● **Your task**
Write out exactly what each line says, starting with the first line below and ending on the one with "real) \<Rightarrow> nat".

(Stored data entries)
Start of Block
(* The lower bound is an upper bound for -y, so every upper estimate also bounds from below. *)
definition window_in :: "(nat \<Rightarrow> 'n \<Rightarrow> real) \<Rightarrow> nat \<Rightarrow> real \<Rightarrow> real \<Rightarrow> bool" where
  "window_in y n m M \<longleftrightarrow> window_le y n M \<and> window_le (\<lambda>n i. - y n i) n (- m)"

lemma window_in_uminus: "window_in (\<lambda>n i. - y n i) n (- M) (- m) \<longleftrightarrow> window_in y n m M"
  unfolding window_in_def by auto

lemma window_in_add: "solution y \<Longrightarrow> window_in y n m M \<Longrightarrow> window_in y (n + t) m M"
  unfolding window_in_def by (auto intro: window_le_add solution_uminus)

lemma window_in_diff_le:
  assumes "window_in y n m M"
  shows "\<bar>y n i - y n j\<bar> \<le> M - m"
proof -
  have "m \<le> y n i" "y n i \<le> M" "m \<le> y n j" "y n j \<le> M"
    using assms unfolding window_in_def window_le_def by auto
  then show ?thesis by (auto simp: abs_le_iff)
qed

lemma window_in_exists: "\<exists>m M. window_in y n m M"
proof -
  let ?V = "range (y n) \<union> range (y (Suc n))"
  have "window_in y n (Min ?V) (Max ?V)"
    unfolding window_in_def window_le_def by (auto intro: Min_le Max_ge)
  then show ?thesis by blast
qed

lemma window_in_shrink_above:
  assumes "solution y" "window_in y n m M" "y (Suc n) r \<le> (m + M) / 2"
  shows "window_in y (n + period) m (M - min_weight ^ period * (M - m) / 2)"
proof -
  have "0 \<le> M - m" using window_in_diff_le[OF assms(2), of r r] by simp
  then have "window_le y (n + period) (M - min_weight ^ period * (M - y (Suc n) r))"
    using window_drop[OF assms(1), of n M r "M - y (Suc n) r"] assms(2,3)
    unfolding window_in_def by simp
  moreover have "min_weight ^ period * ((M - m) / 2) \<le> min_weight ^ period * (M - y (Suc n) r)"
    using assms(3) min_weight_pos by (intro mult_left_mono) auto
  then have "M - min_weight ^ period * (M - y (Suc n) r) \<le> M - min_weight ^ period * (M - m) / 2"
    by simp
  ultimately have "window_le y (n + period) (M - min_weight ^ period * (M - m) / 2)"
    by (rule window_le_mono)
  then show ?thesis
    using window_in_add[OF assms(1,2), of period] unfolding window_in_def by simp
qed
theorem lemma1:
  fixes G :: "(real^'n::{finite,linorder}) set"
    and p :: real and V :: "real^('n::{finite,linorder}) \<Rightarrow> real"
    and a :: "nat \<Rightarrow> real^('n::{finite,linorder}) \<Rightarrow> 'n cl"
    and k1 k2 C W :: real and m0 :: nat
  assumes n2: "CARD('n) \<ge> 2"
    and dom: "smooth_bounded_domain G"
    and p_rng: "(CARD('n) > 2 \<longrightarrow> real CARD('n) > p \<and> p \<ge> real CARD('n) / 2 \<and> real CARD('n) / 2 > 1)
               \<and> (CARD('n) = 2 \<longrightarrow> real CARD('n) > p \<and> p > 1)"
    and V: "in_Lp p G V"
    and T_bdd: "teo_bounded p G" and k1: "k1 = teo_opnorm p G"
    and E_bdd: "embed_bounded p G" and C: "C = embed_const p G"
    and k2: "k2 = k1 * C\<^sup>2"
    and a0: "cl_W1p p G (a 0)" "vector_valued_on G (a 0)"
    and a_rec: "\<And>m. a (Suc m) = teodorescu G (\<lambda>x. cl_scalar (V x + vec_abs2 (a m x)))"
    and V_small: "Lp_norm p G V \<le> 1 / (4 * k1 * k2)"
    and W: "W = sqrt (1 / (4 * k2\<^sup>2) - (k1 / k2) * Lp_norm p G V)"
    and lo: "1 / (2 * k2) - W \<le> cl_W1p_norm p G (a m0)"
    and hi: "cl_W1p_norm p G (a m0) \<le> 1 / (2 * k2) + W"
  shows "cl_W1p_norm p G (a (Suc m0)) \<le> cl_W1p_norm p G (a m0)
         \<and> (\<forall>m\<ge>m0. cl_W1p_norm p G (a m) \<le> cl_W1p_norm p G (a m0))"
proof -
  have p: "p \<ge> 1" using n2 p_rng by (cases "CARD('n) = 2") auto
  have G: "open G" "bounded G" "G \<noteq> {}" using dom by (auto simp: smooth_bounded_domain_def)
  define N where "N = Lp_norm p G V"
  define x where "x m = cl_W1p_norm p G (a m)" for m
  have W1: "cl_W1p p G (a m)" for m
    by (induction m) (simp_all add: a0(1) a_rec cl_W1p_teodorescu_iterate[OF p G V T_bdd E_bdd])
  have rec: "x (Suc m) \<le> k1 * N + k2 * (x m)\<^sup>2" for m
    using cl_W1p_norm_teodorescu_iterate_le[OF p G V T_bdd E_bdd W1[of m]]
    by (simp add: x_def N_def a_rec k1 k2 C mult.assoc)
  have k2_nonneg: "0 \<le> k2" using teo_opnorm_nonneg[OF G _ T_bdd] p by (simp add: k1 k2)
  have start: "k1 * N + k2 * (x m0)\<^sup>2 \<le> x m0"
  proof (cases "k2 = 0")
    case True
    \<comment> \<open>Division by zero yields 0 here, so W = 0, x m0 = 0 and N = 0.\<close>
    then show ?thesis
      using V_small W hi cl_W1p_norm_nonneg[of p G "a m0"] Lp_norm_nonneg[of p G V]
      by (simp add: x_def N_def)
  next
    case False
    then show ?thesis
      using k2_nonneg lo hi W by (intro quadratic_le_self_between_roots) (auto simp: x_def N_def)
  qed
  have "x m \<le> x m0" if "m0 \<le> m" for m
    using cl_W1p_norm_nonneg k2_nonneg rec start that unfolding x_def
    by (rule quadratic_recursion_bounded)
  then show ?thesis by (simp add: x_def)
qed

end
End of Block
● **Solution**
(* The lower bound is an upper bound for -y, so every upper estimate also bounds from below. *)
definition window_in :: "(nat \<Rightarrow> 'n \<Rightarrow> real) \<Rightarrow> nat \<Rightarrow> real \<Rightarrow> real \<Rightarrow> bool" where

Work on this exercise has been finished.